If you are filling up online .It doesn't have to be in Arabic. Correct me if i am wrong


----------



## ali_sajjad86 (Oct 22, 2013)

plckid said:


> If you are filling up online .It doesn't have to be in Arabic. Correct me if i am wrong


It comes in english. I got one a month ago when i applied for another country residency. Just go online to dubai police website and fill out the form , attach the required document thats it!
You will receive within a week through courier


----------



## Netta (Dec 17, 2012)

ali_sajjad86 said:


> It comes in english. I got one a month ago when i applied for another country residency. Just go online to dubai police website and fill out the form , attach the required document thats it!
> You will receive within a week through courier


Mr Ali Sajjad86, I think I know very well the difference between arabic and english language, and the one I have got, it was written in arabic...We should probably come to the conclusion that it really depends on the reason why someone wants this certificate and whom it should be presented to.
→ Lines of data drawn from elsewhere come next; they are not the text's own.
(* There is an algorithm which, given a random forest $F=\{T_1,\dots,T_m\}$ on $X_n$ and an instance $\vec x\in\{0,1\}^n$, computes a majoritary reason for $\vec x$ given $F$ in $O(n\,|F|)$ time.
   Context: A (Boolean) decision tree on $X_n=\{x_1,\dots,x_n\}$ is a binary tree whose internal nodes are labeled by variables of $X_n$ (each variable occurring at most once on any root-to-leaf path) and whose leaves are labeled $0$ or $1$; its value $T(\vec x)$ is the label of the leaf reached by going left (resp. right) at a node labeled $x_i$ when $x_i=0$ (resp. $1$). $\neg T$ is $T$ with leaf labels $0,1$ swapped. A random forest $F=\{T_1,\dots,T_m\}$ has value $F(\vec x)=1$ iff $\frac1m\sum_i T_i(\vec x)>\frac12$, and size $|F|=\sum_i|T_i|$ (number of nodes). A term is a conjunction (set) of literals; $t$ covers $\vec x$ if every literal of $t$ is true under $\vec x$; an implicant of a Boolean function $f$ is a term $t$ with $f(\vec z)=1$ for all $\vec z$ covered by $t$. A majoritary reason for $\vec x$ given $F$ is a term $t$ covering $\vec x$ that is an implicant of at least $\lfloor m/2\rfloor+1$ trees $T_i$ if $F(\vec x)=1$ (resp. of at least $\lfloor m/2\rfloor+1$ trees $\neg T_i$ if $F(\vec x)=0$), and such that for every literal $l\in t$, $t\setminus\{l\}$ does not satisfy this condition. *)

theory Defs
  imports Main "HOL-Library.Time_Functions"
begin

text \<open>Variables x_1..x_n are represented by indices 0..n-1; an instance is a
bool list of length n (True = 1). Node i l r: go to l if x_i = 0, to r if x_i = 1.\<close>

datatype dtree = Leaf bool | Node nat dtree dtree

fun eval :: "dtree \<Rightarrow> bool list \<Rightarrow> bool" where
  "eval (Leaf c) z = c"
| "eval (Node i l r) z = (if z ! i then eval r z else eval l z)"

fun tsize :: "dtree \<Rightarrow> nat" where
  "tsize (Leaf c) = 1"
| "tsize (Node i l r) = 1 + tsize l + tsize r"

fun neg :: "dtree \<Rightarrow> dtree" where
  "neg (Leaf c) = Leaf (\<not> c)"
| "neg (Node i l r) = Node i (neg l) (neg r)"

text \<open>well-formedness over X_n: labels among x_1..x_n (indices < n), and no
variable repeated on a root-to-leaf path (V = variables already on the path)\<close>
fun wf_tree :: "nat \<Rightarrow> nat set \<Rightarrow> dtree \<Rightarrow> bool" where
  "wf_tree n V (Leaf c) = True"
| "wf_tree n V (Node i l r) =
     (i < n \<and> i \<notin> V \<and> wf_tree n (insert i V) l \<and> wf_tree n (insert i V) r)"

type_synonym forest = "dtree list"

definition forest_val :: "forest \<Rightarrow> bool list \<Rightarrow> bool" where
  "forest_val F z \<longleftrightarrow> 2 * length (filter (\<lambda>T. eval T z) F) > length F"

definition fsize :: "forest \<Rightarrow> nat" where
  "fsize F = sum_list (map tsize F)"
Regards


----------



## ali_sajjad86 (Oct 22, 2013)

Netta said:


> Mr Ali Sajjad86, I think I know very well the difference between arabic and english language, and the one I have got, it was written in arabic...We should probably come to the conclusion that it really depends on the reason why someone wants this certificate and whom it should be presented to. Regards


Surething mate!
Sorry if you felt offended or something that wasnt my intension. All i wanted to share was that i got one in english within a week by applying it online. Thats it. 
And i am sure you are smart enough to differenciate between arabic/english lol no offense just kiddin. 
Cheers mate


----------



## Netta (Dec 17, 2012)

ali_sajjad86 said:


> Surething mate!
> Sorry if you felt offended or something that wasnt my intension. All i wanted to share was that i got one in english within a week by applying it online. Thats it.
> And i am sure you are smart enough to differenciate between arabic/english lol no offense just kiddin.
> Cheers mate


Thank you for sharing...but that was my initial doubt responding to Flexiray. If the certificate is required for another country should have been translated first...since you said you have received it in english for residency purposes too....the problem is solved......mine is in arabic for job/visa clearance in UAE. Cheers


----------



## plckid (Jul 25, 2013)

Sorry to Hijack this thread. Actually Im looking for PCC for my friend in Canada. How do I go about it especially the finger prints.


----------



## Eng.Khaled (Feb 8, 2011)

I needed this paper twice. Just go to the nearest police station at any time between 7:00 AM till 9:00 PM along with your passport... pay 200 aed, wait 3 days... go pick it up.


----------